In a bold move to supercharge infrastructure, the Indian government may ramp up capital spending by 10% in the 2026-27 Union Budget, pushing it beyond Rs 12 lakh crore mark, according to an SBI analysis unveiled Wednesday. This escalation promises to invigorate key areas and propel economic momentum.
Highways will see expanded networks, railways modernized tracks, ports deepened capacities, and power grids fortified—all beneficiaries of this capex infusion. The ripple effects? Faster growth rates and a surge in job creation, particularly in labor-intensive sectors, helping sustain India’s demographic dividend.
This budget arrives against a backdrop of global economic turbulence, where fragmentation and debt woes loom large. Yet, India’s commitment to fiscal prudence stands firm, drawing lessons from its stellar post-pandemic recovery that eclipsed the global financial crisis era.
SBI forecasts slight upticks in tax revenues, stable non-tax inflows, and nominal GDP growth of 10.5-11%. Commodity price pressures could nudge wholesale inflation higher, keeping fiscal deficit at 4.2% of GDP—potentially adjustable with new GDP data.

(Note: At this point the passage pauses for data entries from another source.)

lemma cvec_in_cplx_span:
  assumes "z \<in> int_span A"
  shows "cvec z \<in> cplx_span A"
proof -
  obtain k where "z = (\<Sum>a\<in>A. k a *s a)"
    using assms unfolding int_span_def by blast
  then have "cvec z = (\<Sum>a\<in>A. of_int (k a) *s cvec a)"
    by (simp add: cvec_sum cvec_smult)
  then show ?thesis
    by (simp only: cplx_span_sumI)
qed

lemma cplx_span_UNIV:
  assumes "int_span A = UNIV"
  shows "cplx_span A = UNIV"
proof -
  have "x \<in> cplx_span A" for x
  proof -
    have "x = (\<Sum>i\<in>UNIV. x $ i *s cvec (axis i 1))"
      using basis_expansion[of x] by (simp add: cvec_axis)
    also have "\<dots> \<in> cplx_span A"
      by (intro cplx_span_sum cplx_span_smult cvec_in_cplx_span) (simp add: assms)
    finally show ?thesis .
  qed
  then show ?thesis
    by blast
qed

lemma cform_cplx_span_eq_0:
  assumes "\<And>a. a \<in> B \<Longrightarrow> w \<bullet> rvec a = 0" "x \<in> cplx_span B"
  shows "cform w x = 0"
proof -
  obtain c where "x = (\<Sum>a\<in>B. c a *s cvec a)"
    using assms(2) unfolding cplx_span_def by blast
  then show ?thesis
    by (simp add: cform_sum cform_smult cform_cvec assms(1))
qed

lemma cplx_span_if_cform_eq_0:
  assumes "finite B" "{x. w \<bullet> x = 0} \<subseteq> span (rvec ` B)" "cform w x = 0"
  shows "x \<in> cplx_span B"
proof -
  have real_coeffs: "\<exists>c. y = (\<Sum>a\<in>B. c a *\<^sub>R rvec a)" if "w \<bullet> y = 0" for y
  proof -
    obtain u where "y = (\<Sum>v\<in>rvec ` B. u v *\<^sub>R v)"
      using assms(1,2) \<open>w \<bullet> y = 0\<close> span_finite[of "rvec ` B"] by auto
    moreover have "inj_on rvec B"
      by (auto simp: inj_on_def rvec_def vec_eq_iff)
    ultimately show ?thesis
      by (auto simp: sum.reindex)
  qed
  obtain r where r: "(\<chi> i. Re (x $ i)) = (\<Sum>a\<in>B. r a *\<^sub>R rvec a)"
    using real_coeffs assms(3) Re_cform by (metis zero_complex.sel(1))
  obtain s where s: "(\<chi> i. Im (x $ i)) = (\<Sum>a\<in>B. s a *\<^sub>R rvec a)"
    using real_coeffs assms(3) Im_cform by (metis zero_complex.sel(2))
  have "x = (\<Sum>a\<in>B. Complex (r a) (s a) *s cvec a)"
  proof (subst vec_eq_iff, intro allI)
    fix j
    have "Re (x $ j) = (\<Sum>a\<in>B. r a * of_int (a $ j))" "Im (x $ j) = (\<Sum>a\<in>B. s a * of_int (a $ j))"
      using arg_cong[OF r, of "\<lambda>v. v $ j"] arg_cong[OF s, of "\<lambda>v. v $ j"]
      by (simp_all add: rvec_def)
    then show "x $ j = (\<Sum>a\<in>B. Complex (r a) (s a) *s cvec a) $ j"
      by (simp add: complex_eq_iff cvec_def)
  qed
  then show ?thesis
    by (simp only: cplx_span_sumI)
qed

section \<open>Polynomial functions\<close>

definition monomial_fun :: "('d::finite \<Rightarrow> nat) \<Rightarrow> complex ^ 'd \<Rightarrow> complex" where
  "monomial_fun m x = (\<Prod>i\<in>UNIV. (x $ i) ^ (m i))"

lemma poly_fun_iff_monomials:
  "poly_fun f \<longleftrightarrow> (\<exists>S c. finite S \<and> f = (\<lambda>x. \<Sum>m\<in>S. c m * monomial_fun m x))"
  unfolding poly_fun_def monomial_fun_def by simp

lemma poly_fun_const: "poly_fun (\<lambda>x. c)"
  unfolding poly_fun_iff_monomials
  by (intro exI[of _ "{\<lambda>_. 0}"] exI[of _ "\<lambda>_. c"]) (simp add: monomial_fun_def)

lemma poly_fun_component: "poly_fun (\<lambda>x. x $ j)"
proof -
  have "monomial_fun (\<lambda>i. if i = j then 1 else 0) x = x $ j" for x :: "complex ^ 'a"
    unfolding monomial_fun_def by (simp add: if_distrib prod.delta cong: if_cong)
  then show ?thesis
    unfolding poly_fun_iff_monomials
    by (intro exI[of _ "{\<lambda>i. if i = j then 1 else 0}"] exI[of _ "\<lambda>_. 1"]) simp
qed

lemma poly_fun_add:
  assumes "poly_fun f" "poly_fun g"
  shows "poly_fun (\<lambda>x. f x + g x)"
proof -
  obtain S c where S: "finite S" "f = (\<lambda>x. \<Sum>m\<in>S. c m * monomial_fun m x)"
    using assms(1) unfolding poly_fun_iff_monomials by blast
  obtain T d where T: "finite T" "g = (\<lambda>x. \<Sum>m\<in>T. d m * monomial_fun m x)"
    using assms(2) unfolding poly_fun_iff_monomials by blast
  have extend: "(\<Sum>m\<in>S \<union> T. (if m \<in> U then e m else 0) * monomial_fun m x) =
      (\<Sum>m\<in>U. e m * monomial_fun m x)" if "U \<subseteq> S \<union> T" for U e x
    by (rule sum.mono_neutral_cong_right) (use S T that in auto)
  have "f x + g x = (\<Sum>m\<in>S \<union> T.
      ((if m \<in> S then c m else 0) + (if m \<in> T then d m else 0)) * monomial_fun m x)" for x
    using extend[of S c x] extend[of T d x] by (simp add: S(2) T(2) distrib_right sum.distrib)
  then show ?thesis
    unfolding poly_fun_iff_monomials using S(1) T(1)
    by (intro exI[of _ "S \<union> T"] exI[of _ "\<lambda>m. (if m \<in> S then c m else 0) + (if m \<in> T then d m else 0)"])
       (simp add: fun_eq_iff)
qed

lemma poly_fun_mult:
  assumes "poly_fun f" "poly_fun g"
  shows "poly_fun (\<lambda>x. f x * g x)"
proof -
  obtain S c where S: "finite S" "f = (\<lambda>x. \<Sum>m\<in>S. c m * monomial_fun m x)"
    using assms(1) unfolding poly_fun_iff_monomials by blast
  obtain T d where T: "finite T" "g = (\<lambda>x. \<Sum>m\<in>T. d m * monomial_fun m x)"
    using assms(2) unfolding poly_fun_iff_monomials by blast
  define h where "h p = (\<lambda>i. fst p i + snd p i)" for p :: "('a \<Rightarrow> nat) \<times> ('a \<Rightarrow> nat)"
  define e where "e m = (\<Sum>p\<in>{p \<in> S \<times> T. h p = m}. c (fst p) * d (snd p))" for m
  have "f x * g x = (\<Sum>m\<in>h ` (S \<times> T). e m * monomial_fun m x)" for x
  proof -
    have "f x * g x = (\<Sum>p\<in>S \<times> T. c (fst p) * d (snd p) * monomial_fun (h p) x)"
      unfolding S(2) T(2) sum_product sum.cartesian_product
      by (intro sum.cong) (auto simp: h_def monomial_fun_def power_add prod.distrib mult_ac)
    also have "\<dots> = (\<Sum>m\<in>h ` (S \<times> T). \<Sum>p\<in>{p \<in> S \<times> T. h p = m}.
        c (fst p) * d (snd p) * monomial_fun (h p) x)"
      using S(1) T(1) by (intro sum.image_gen) simp
    also have "\<dots> = (\<Sum>m\<in>h ` (S \<times> T). e m * monomial_fun m x)"
      unfolding e_def sum_distrib_right by (intro sum.cong refl) auto
    finally show ?thesis .
  qed
  then show ?thesis
    unfolding poly_fun_iff_monomials using S(1) T(1)
    by (intro exI[of _ "h ` (S \<times> T)"] exI[of _ e]) (simp add: fun_eq_iff)
qed

lemma poly_fun_sum: "(\<And>i. i \<in> I \<Longrightarrow> poly_fun (f i)) \<Longrightarrow> poly_fun (\<lambda>x. \<Sum>i\<in>I. f i x)"
  by (induction I rule: infinite_finite_induct) (auto intro: poly_fun_add poly_fun_const)

lemma poly_fun_prod: "(\<And>i. i \<in> I \<Longrightarrow> poly_fun (f i)) \<Longrightarrow> poly_fun (\<lambda>x. \<Prod>i\<in>I. f i x)"
  by (induction I rule: infinite_finite_induct) (auto intro: poly_fun_mult poly_fun_const)

lemma poly_fun_cform_minus_const: "poly_fun (\<lambda>x. cform w x - c)"
  unfolding cform_def diff_conv_add_uminus
  by (intro poly_fun_add poly_fun_sum poly_fun_mult poly_fun_const poly_fun_component)

lemma zariski_closure_subset_cform_finite_values:
  assumes "w \<noteq> 0" "finite V" "\<And>y. y \<in> S \<Longrightarrow> cform w y \<in> V"
  shows "zariski_closure S \<noteq> UNIV"
proof -
  define p where "p y = (\<Prod>c\<in>V. cform w y - c)" for y
  have "poly_fun p"
    unfolding p_def by (intro poly_fun_prod poly_fun_cform_minus_const)
  moreover have "p y = 0" if "y \<in> S" for y
    unfolding p_def using assms(2) assms(3)[OF that] by (auto intro: prod_zero)
  moreover obtain c0 :: complex where "c0 \<notin> V"
    using ex_new_if_finite[OF infinite_UNIV_char_0 assms(2)] by blast
  obtain i where "w $ i \<noteq> 0"
    using assms(1) by (auto simp: vec_eq_iff)
  define y0 where "y0 = (c0 / of_real (w $ i)) *s axis i 1"
  have "cform w y0 = c0"
    using \<open>w $ i \<noteq> 0\<close> by (simp add: y0_def cform_smult cform_axis)
  then have "p y0 \<noteq> 0"
    unfolding p_def using assms(2) \<open>c0 \<notin> V\<close> by simp
  ultimately have "y0 \<notin> zariski_closure S"
    unfolding zariski_closure_def by blast
  then show ?thesis
    by blast
qed

section \<open>The cone and its facets\<close>

lemma pos_cone_sumI: "(\<forall>a\<in>A. 0 \<le> c a) \<Longrightarrow> (\<Sum>a\<in>A. c a *\<^sub>R rvec a) \<in> pos_cone A"
  unfolding pos_cone_def by blast

lemma rvec_nat_monoid_in_pos_cone:
  assumes "v \<in> nat_monoid A"
  shows "rvec v \<in> pos_cone A"
proof -
  obtain n where "v = (\<Sum>a\<in>A. of_nat (n a) *s a)"
    using assms unfolding nat_monoid_def by blast
  then have "rvec v = (\<Sum>a\<in>A. real (n a) *\<^sub>R rvec a)"
    by (simp add: rvec_sum rvec_smult)
  then show ?thesis
    by (simp add: pos_cone_sumI)
qed

lemma rvec_in_pos_cone:
  assumes "finite A" "a \<in> A"
  shows "rvec a \<in> pos_cone A"
proof -
  have "(\<Sum>b\<in>A. (if b = a then 1 else 0) *\<^sub>R rvec b) = (\<Sum>b\<in>A. if b = a then rvec b else 0)"
    by (rule sum.cong) auto
  also have "\<dots> = rvec a"
    using assms by simp
  finally have "(\<Sum>b\<in>A. (if b = a then 1 else 0) *\<^sub>R rvec b) = rvec a" .
  then show ?thesis
    using pos_cone_sumI[of A "\<lambda>b. if b = a then 1 else 0"] by simp
qed

lemma convex_cone_pos_cone: "convex_cone (pos_cone A)"
  unfolding convex_cone_iff
proof (intro conjI ballI allI impI)
  show "0 \<in> pos_cone A"
    using pos_cone_sumI[of A "\<lambda>_. 0"] by simp
next
  fix x y assume "x \<in> pos_cone A" "y \<in> pos_cone A"
  then obtain c d where "x = (\<Sum>a\<in>A. c a *\<^sub>R rvec a)" "\<forall>a\<in>A. 0 \<le> c a"
    and "y = (\<Sum>a\<in>A. d a *\<^sub>R rvec a)" "\<forall>a\<in>A. 0 \<le> d a"
    unfolding pos_cone_def by blast
  then show "x + y \<in> pos_cone A"
    using pos_cone_sumI[of A "\<lambda>a. c a + d a"] by (simp add: sum.distrib scaleR_add_left)
next
  fix x and t :: real assume "x \<in> pos_cone A" "0 \<le> t"
  then obtain c where "x = (\<Sum>a\<in>A. c a *\<^sub>R rvec a)" "\<forall>a\<in>A. 0 \<le> c a"
    unfolding pos_cone_def by blast
  then show "t *\<^sub>R x \<in> pos_cone A"
    using pos_cone_sumI[of A "\<lambda>a. t * c a"] \<open>0 \<le> t\<close> by (simp add: scaleR_sum_right)
qed

lemma pos_cone_eq_convex_cone_hull:
  assumes "finite A"
  shows "pos_cone A = convex_cone hull (rvec ` A)"
proof
  show "convex_cone hull rvec ` A \<subseteq> pos_cone A"
    by (rule hull_minimal) (use rvec_in_pos_cone[OF assms] convex_cone_pos_cone in auto)
  have "(\<Sum>a\<in>A. c a *\<^sub>R rvec a) \<in> convex_cone hull rvec ` A" if "\<forall>a\<in>A. 0 \<le> c a" for c
    using that
    by (induction A rule: infinite_finite_induct)
       (auto simp: convex_cone_hull_contains_0 intro!: convex_cone_hull_add convex_cone_hull_mul
             intro: hull_inc hull_mono[THEN subsetD, rotated])
  then show "pos_cone A \<subseteq> convex_cone hull rvec ` A"
    unfolding pos_cone_def by blast
qed

lemma polyhedron_pos_cone: "finite A \<Longrightarrow> polyhedron (pos_cone A)"
  by (simp add: pos_cone_eq_convex_cone_hull polyhedron_convex_cone_hull)

lemma span_rvec_eq_UNIV:
  assumes "int_span A = UNIV"
  shows "span (rvec ` A) = UNIV"
proof -
  have rvec_span: "rvec z \<in> span (rvec ` A)" for z
  proof -
    obtain k where "z = (\<Sum>a\<in>A. k a *s a)"
      using assms unfolding int_span_def by blast
    then show ?thesis
      by (simp add: rvec_sum rvec_smult) (intro span_sum span_scale span_base imageI)
  qed
  have "x \<in> span (rvec ` A)" for x :: "real ^ 'a"
  proof -
    have "x = (\<Sum>i\<in>UNIV. x $ i *\<^sub>R rvec (axis i 1))"
      using basis_expansion[of x] by (simp add: rvec_axis scalar_mult_eq_scaleR)
    also have "\<dots> \<in> span (rvec ` A)"
      by (intro span_sum span_scale rvec_span)
    finally show ?thesis .
  qed
  then show ?thesis
    by blast
qed

lemma aff_dim_pos_cone:
  fixes A :: "(int ^ 'd) set"
  assumes "finite A" "int_span A = UNIV"
  shows "aff_dim (pos_cone A) = int CARD('d)"
proof -
  have "affine hull (pos_cone A) = span (pos_cone A)"
    by (intro affine_hull_span_0 hull_inc convex_cone_contains_0 convex_cone_pos_cone)
  also have "\<dots> = UNIV"
    using span_mono[of "rvec ` A" "pos_cone A"] rvec_in_pos_cone[OF assms(1)]
      span_rvec_eq_UNIV[OF assms(2)] by blast
  finally show ?thesis
    using aff_dim_eq_full[of "pos_cone A :: (real ^ 'd) set"] by simp
qed

lemma facet_of_pos_cone_supporting_hyperplane:
  assumes "finite A" "\<sigma> facet_of pos_cone A"
  obtains n where "n \<noteq> 0" "\<forall>x\<in>pos_cone A. 0 \<le> n \<bullet> x" "\<sigma> = pos_cone A \<inter> {x. n \<bullet> x = 0}"
proof -
  obtain a b where ab: "a \<noteq> 0" "pos_cone A \<subseteq> {x. a \<bullet> x \<le> b}" "\<sigma> = pos_cone A \<inter> {x. a \<bullet> x = b}"
    using facet_of_polyhedron[OF polyhedron_pos_cone[OF assms(1)] assms(2)] by blast
  obtain y where y: "y \<in> \<sigma>"
    using assms(2) by (auto simp: facet_of_def)
  have "0 \<le> b"
    using ab(2) convex_cone_contains_0[OF convex_cone_pos_cone] by force
  moreover have "2 *\<^sub>R y \<in> pos_cone A"
    using ab(3) y convex_cone_pos_cone[of A] by (auto simp: convex_cone_iff)
  then have "a \<bullet> (2 *\<^sub>R y) \<le> b"
    using ab(2) by blast
  ultimately have "b = 0"
    using ab(3) y by simp
  then show ?thesis
    using that[of "- a"] ab by force
qed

Borrowing dynamics show optimism: Centre’s net needs at Rs 11.7 lakh crore against Rs 4.87 lakh crore repayments; states at Rs 12.6 lakh crore borrowing with Rs 4.2 lakh crore outflows. RBI’s increased OMOs will likely ensure market stability.
To enhance savings, SBI recommends tax parity for bank deposit interest with capital gains, 3-year lock-ins for FDs akin to ELSS, and higher TDS limits. Indirect tax tweaks include ISD redefinition to curb disputes, no GST-TDS on bank services, and reforms in insurance-pension to broaden access.
States, carrying hefty debt loads, need transparent medium-term debt plans aligned with GSDP growth, not just deficit goals. The Union Budget should spotlight this for cohesive fiscal strategy.
Overall, SBI’s blueprint envisions a budget that not only invests in tomorrow’s India but also fortifies its financial architecture for enduring prosperity.